Stored data
══════════════════════════════
lemma convex_antipolar: "convex (antipolar \<Omega>)"
  unfolding antipolar_eq_Inter_halfspaces by (intro convex_INT ballI convex_halfspace_ge)

lemma antipolar_nonzero: "\<Omega> \<noteq> {} \<Longrightarrow> g \<in> antipolar \<Omega> \<Longrightarrow> g \<noteq> 0"
  by (auto simp: mem_antipolar_iff)

lemma antipolar_scaleR:
  assumes c: "c \<ge> 1" and g: "g \<in> antipolar \<Omega>"
  shows "c *\<^sub>R g \<in> antipolar \<Omega>"
proof -
  have "mirror (c *\<^sub>R g) \<bullet> w \<ge> 1" if "w \<in> \<Omega>" for w
  proof -
    have "c * (mirror g \<bullet> w) \<ge> 1 * 1"
      using g that c by (intro mult_mono) (auto simp: mem_antipolar_iff)
    then show ?thesis by (simp add: mirror_scaleR)
  qed
  then show ?thesis by (simp add: mem_antipolar_iff)
qed

lemma pos_coneI: "c \<ge> 0 \<Longrightarrow> w \<in> \<Omega> \<Longrightarrow> c *\<^sub>R w \<in> pos_cone \<Omega>"
  unfolding pos_cone_def by blast

lemma pos_coneE:
  assumes "y \<in> pos_cone \<Omega>"
  obtains c w where "y = c *\<^sub>R w" "c \<ge> 0" "w \<in> \<Omega>"
  using assms unfolding pos_cone_def by blast

lemma scaleR_closure_pos_cone:
  assumes "c \<ge> 0" "y \<in> closure (pos_cone \<Omega>)"
  shows "c *\<^sub>R y \<in> closure (pos_cone \<Omega>)"
proof -
  have "(*\<^sub>R) c ` pos_cone \<Omega> \<subseteq> pos_cone \<Omega>"
  proof (rule image_subsetI)
    fix y assume "y \<in> pos_cone \<Omega>"
    then show "c *\<^sub>R y \<in> pos_cone \<Omega>"
      by (rule pos_coneE) (use assms(1) pos_coneI[of "c * _"] in auto)
  qed
  then have "(*\<^sub>R) c ` closure (pos_cone \<Omega>) \<subseteq> closure (pos_cone \<Omega>)"
    by (metis closure_mono closure_scaleR)
  then show ?thesis using assms(2) by blast
qed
══════════════════════════════
Check each line in the records above for the word "unfolding". Return those that have it.

  unfolding antipolar_eq_Inter_halfspaces by (intro convex_INT ballI convex_halfspace_ge)
  unfolding pos_cone_def by blast
  using assms unfolding pos_cone_def by blast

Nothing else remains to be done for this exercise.